↓
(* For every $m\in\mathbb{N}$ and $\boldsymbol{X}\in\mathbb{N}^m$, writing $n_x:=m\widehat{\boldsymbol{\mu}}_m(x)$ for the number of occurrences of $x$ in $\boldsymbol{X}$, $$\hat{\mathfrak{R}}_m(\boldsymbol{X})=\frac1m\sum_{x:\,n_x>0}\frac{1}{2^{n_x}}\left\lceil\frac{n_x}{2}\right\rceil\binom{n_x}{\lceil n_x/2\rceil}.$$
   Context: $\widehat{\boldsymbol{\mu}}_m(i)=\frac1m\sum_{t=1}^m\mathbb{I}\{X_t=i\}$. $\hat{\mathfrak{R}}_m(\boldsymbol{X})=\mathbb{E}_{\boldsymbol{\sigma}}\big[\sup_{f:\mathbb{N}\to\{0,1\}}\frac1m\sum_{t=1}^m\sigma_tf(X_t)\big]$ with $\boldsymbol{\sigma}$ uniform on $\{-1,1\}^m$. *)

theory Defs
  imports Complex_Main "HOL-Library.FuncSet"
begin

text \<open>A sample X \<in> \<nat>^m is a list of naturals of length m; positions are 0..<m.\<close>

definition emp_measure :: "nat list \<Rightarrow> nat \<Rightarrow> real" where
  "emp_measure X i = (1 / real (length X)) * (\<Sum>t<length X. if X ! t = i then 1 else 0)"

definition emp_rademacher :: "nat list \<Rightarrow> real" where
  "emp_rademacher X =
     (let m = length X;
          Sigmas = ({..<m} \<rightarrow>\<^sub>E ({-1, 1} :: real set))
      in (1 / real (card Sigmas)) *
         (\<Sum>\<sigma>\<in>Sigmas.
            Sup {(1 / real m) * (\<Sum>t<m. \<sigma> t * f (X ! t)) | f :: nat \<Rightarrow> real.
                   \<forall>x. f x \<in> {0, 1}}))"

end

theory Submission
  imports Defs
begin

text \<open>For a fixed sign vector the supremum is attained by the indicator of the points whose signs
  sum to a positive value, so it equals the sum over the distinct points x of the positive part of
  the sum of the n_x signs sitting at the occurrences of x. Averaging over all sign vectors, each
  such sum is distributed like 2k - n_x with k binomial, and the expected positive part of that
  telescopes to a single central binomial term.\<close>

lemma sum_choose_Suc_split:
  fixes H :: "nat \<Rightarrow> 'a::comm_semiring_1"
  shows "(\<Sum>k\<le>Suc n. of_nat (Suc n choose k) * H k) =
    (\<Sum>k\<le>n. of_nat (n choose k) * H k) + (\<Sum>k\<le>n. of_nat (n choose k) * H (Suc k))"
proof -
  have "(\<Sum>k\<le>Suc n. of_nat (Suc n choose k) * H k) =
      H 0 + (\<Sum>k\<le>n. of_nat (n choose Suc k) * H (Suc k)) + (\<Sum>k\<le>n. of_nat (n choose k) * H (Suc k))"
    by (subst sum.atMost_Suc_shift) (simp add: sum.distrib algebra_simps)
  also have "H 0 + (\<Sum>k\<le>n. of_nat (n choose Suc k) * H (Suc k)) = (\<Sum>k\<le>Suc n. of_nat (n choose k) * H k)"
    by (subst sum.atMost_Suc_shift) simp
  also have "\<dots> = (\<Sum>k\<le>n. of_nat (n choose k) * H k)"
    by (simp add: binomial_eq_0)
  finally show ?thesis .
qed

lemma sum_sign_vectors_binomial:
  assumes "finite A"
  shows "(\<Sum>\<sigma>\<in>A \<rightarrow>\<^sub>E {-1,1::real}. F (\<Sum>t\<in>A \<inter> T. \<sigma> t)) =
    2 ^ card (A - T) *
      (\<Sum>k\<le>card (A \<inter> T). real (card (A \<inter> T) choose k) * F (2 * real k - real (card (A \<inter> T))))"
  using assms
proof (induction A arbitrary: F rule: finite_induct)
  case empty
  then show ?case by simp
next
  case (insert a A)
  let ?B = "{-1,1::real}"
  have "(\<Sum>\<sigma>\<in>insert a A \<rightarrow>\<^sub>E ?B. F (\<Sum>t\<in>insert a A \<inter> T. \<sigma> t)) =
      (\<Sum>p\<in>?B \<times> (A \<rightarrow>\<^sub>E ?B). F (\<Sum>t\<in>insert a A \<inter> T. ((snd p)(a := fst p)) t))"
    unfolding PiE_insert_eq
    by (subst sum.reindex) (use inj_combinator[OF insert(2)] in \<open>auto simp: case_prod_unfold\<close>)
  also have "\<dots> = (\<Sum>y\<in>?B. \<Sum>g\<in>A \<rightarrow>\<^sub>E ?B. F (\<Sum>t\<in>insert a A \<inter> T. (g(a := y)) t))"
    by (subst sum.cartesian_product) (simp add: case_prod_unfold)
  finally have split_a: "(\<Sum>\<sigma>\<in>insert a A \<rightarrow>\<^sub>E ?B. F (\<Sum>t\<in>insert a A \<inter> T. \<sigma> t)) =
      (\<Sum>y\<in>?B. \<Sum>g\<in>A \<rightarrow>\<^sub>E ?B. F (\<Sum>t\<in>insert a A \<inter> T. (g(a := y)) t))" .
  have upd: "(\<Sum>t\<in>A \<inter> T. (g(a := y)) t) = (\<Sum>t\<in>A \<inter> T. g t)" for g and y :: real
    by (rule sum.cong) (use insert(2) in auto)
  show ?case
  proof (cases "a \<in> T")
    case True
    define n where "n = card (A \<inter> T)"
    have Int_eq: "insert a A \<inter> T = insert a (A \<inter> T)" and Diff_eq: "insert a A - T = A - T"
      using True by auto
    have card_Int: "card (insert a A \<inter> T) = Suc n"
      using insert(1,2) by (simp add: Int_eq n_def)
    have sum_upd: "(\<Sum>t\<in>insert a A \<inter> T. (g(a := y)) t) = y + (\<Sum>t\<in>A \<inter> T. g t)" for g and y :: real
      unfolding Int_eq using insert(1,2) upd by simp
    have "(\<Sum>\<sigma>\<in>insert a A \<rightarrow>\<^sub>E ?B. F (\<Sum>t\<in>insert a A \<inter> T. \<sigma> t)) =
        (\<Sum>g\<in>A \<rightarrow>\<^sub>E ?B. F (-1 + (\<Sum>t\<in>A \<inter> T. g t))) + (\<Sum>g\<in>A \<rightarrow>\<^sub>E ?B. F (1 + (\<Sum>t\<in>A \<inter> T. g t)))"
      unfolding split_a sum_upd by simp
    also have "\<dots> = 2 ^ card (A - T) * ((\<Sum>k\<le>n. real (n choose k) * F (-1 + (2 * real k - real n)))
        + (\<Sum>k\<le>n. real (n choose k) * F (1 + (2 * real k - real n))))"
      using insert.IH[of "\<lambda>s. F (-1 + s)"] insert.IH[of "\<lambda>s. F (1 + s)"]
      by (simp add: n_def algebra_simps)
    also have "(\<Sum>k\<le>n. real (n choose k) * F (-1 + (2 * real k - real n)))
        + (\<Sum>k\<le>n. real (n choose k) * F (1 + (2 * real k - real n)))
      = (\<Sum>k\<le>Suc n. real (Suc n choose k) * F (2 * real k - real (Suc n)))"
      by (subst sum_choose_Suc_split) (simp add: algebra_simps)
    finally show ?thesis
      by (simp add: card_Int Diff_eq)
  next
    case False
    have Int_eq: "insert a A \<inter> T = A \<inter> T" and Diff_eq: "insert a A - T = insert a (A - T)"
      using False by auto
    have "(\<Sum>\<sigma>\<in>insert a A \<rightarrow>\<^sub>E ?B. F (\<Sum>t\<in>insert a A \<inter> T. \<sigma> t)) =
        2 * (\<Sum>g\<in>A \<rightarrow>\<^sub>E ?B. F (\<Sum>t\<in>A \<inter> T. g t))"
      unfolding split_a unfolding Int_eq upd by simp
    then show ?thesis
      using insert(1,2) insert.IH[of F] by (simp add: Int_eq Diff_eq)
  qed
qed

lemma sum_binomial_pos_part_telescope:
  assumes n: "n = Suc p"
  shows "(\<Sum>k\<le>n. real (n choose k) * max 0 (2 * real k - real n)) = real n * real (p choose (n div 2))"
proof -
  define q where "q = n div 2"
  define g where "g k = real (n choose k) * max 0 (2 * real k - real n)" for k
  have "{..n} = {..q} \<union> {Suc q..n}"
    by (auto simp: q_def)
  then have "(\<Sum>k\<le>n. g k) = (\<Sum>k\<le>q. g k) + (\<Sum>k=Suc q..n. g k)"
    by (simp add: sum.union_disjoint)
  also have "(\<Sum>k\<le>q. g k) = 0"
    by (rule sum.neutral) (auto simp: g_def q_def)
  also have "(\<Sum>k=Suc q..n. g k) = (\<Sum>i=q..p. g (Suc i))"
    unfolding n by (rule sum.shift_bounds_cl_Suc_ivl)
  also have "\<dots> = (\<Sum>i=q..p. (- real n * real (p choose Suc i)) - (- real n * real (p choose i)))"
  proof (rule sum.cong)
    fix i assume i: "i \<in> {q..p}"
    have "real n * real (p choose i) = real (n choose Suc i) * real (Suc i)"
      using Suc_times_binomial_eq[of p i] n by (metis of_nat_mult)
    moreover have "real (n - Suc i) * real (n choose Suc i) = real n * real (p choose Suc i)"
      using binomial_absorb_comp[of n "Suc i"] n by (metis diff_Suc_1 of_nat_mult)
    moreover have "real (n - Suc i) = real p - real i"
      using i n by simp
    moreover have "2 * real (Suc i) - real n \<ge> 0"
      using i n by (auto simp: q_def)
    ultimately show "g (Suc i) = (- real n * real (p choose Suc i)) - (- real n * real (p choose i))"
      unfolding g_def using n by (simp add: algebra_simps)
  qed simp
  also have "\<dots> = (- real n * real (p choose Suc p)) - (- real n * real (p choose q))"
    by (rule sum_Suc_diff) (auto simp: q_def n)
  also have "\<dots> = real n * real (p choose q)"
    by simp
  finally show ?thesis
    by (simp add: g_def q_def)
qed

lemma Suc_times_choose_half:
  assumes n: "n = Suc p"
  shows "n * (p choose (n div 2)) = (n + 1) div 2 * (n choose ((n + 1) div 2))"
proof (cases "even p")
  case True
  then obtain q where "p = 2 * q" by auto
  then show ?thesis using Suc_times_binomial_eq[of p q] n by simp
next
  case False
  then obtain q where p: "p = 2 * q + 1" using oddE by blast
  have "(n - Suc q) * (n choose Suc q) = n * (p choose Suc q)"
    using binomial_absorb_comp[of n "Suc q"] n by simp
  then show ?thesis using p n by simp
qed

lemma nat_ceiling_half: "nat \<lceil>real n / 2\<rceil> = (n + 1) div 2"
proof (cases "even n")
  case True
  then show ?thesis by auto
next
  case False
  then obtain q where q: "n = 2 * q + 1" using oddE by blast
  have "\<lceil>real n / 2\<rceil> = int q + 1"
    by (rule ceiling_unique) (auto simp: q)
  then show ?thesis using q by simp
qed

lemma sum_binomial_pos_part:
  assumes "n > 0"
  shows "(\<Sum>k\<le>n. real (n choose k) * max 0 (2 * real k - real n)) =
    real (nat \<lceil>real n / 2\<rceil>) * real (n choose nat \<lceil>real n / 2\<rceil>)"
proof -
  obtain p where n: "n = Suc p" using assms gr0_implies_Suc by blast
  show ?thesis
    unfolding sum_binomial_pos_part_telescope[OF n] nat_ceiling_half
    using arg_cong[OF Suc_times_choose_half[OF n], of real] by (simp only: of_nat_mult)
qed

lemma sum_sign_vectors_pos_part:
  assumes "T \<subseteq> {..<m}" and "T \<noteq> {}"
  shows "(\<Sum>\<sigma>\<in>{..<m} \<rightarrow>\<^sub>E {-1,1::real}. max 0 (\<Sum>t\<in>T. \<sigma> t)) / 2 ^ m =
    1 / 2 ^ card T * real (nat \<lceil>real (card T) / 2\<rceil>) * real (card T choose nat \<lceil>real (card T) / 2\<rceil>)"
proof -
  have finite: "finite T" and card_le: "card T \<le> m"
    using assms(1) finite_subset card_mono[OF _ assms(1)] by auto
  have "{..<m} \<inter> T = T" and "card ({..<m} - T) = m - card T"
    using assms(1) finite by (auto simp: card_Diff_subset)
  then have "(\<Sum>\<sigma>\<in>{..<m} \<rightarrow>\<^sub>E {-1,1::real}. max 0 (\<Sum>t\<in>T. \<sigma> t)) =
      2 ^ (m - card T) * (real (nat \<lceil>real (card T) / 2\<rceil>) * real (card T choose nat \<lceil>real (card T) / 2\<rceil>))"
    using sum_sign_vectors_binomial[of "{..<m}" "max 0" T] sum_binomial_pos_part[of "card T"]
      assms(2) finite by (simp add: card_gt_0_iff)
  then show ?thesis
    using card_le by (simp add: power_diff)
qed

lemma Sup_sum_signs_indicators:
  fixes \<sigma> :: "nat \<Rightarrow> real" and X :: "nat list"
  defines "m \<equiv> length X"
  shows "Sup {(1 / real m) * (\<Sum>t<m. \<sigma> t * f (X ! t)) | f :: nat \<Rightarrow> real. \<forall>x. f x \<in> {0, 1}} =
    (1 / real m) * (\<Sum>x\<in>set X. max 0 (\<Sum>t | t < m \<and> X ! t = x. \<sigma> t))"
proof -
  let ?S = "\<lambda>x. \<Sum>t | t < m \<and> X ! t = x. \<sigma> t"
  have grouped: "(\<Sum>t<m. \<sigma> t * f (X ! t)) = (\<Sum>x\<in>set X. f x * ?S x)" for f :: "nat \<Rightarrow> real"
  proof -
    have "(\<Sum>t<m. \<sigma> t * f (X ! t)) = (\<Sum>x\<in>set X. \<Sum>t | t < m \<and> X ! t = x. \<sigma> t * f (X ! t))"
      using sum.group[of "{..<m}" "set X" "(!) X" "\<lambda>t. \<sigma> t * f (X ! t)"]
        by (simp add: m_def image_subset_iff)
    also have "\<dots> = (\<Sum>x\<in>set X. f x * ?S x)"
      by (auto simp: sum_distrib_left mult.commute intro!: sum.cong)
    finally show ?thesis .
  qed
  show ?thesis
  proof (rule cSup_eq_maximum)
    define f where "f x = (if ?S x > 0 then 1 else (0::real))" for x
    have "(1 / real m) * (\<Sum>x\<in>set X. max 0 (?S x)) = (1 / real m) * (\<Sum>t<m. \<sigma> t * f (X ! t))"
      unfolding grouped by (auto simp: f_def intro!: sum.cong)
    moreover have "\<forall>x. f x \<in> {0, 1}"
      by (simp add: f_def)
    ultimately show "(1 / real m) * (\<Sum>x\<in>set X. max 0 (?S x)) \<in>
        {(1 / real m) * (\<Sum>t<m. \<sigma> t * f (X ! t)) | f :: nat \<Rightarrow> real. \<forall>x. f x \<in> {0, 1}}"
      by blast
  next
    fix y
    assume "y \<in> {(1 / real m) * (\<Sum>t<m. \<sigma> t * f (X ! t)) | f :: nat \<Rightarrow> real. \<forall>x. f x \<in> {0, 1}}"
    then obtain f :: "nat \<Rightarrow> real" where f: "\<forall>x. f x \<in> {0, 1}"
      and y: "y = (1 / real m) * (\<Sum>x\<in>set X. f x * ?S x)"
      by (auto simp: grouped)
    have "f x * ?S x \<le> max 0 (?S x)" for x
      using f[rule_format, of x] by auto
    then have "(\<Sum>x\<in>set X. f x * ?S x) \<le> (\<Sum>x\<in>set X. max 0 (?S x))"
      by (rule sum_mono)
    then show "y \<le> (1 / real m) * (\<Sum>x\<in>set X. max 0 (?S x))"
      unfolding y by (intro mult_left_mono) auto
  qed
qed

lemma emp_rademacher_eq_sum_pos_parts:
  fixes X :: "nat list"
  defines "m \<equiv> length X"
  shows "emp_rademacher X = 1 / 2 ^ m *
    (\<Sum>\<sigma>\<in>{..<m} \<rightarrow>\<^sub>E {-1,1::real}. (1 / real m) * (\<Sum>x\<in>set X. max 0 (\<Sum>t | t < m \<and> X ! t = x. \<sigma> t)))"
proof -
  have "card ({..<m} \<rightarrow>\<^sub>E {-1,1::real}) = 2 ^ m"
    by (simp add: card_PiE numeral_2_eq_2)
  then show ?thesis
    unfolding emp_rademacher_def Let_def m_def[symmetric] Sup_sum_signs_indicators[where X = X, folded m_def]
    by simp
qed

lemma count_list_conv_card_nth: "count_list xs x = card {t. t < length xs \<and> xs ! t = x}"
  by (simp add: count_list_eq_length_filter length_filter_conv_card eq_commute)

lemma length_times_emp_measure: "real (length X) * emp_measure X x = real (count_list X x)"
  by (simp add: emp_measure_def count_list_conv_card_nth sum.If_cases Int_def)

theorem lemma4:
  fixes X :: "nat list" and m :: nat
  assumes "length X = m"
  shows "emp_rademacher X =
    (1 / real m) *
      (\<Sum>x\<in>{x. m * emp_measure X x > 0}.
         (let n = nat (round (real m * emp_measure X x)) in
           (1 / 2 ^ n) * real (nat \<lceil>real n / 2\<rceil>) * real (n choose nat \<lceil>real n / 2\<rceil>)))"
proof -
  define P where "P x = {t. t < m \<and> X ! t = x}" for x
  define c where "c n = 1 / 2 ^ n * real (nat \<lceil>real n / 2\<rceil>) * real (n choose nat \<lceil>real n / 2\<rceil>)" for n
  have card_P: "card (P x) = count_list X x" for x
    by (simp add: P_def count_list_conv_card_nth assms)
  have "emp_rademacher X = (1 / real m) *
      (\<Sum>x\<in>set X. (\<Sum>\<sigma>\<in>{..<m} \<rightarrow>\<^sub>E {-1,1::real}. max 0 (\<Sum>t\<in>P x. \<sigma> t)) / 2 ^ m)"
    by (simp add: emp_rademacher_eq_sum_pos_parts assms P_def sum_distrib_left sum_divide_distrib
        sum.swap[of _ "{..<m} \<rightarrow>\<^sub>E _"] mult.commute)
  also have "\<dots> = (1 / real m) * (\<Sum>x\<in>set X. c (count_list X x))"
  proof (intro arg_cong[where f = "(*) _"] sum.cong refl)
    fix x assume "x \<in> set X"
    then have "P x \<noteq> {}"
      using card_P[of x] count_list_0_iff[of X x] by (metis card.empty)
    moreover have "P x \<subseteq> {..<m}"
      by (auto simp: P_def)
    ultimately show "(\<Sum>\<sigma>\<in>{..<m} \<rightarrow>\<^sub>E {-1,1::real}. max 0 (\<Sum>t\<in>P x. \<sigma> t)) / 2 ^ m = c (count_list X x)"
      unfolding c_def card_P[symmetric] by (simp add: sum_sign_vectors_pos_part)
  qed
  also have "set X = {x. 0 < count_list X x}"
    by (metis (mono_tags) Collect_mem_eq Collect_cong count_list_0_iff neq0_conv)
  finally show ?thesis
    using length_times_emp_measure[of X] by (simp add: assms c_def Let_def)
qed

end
↑
> Your task
Out of the records above, pull each line containing the word "blast".

> Task result
  then obtain q where p: "p = 2 * q + 1" using oddE by blast
  then obtain q where q: "n = 2 * q + 1" using oddE by blast
  obtain p where n: "n = Suc p" using assms gr0_implies_Suc by blast
      by blast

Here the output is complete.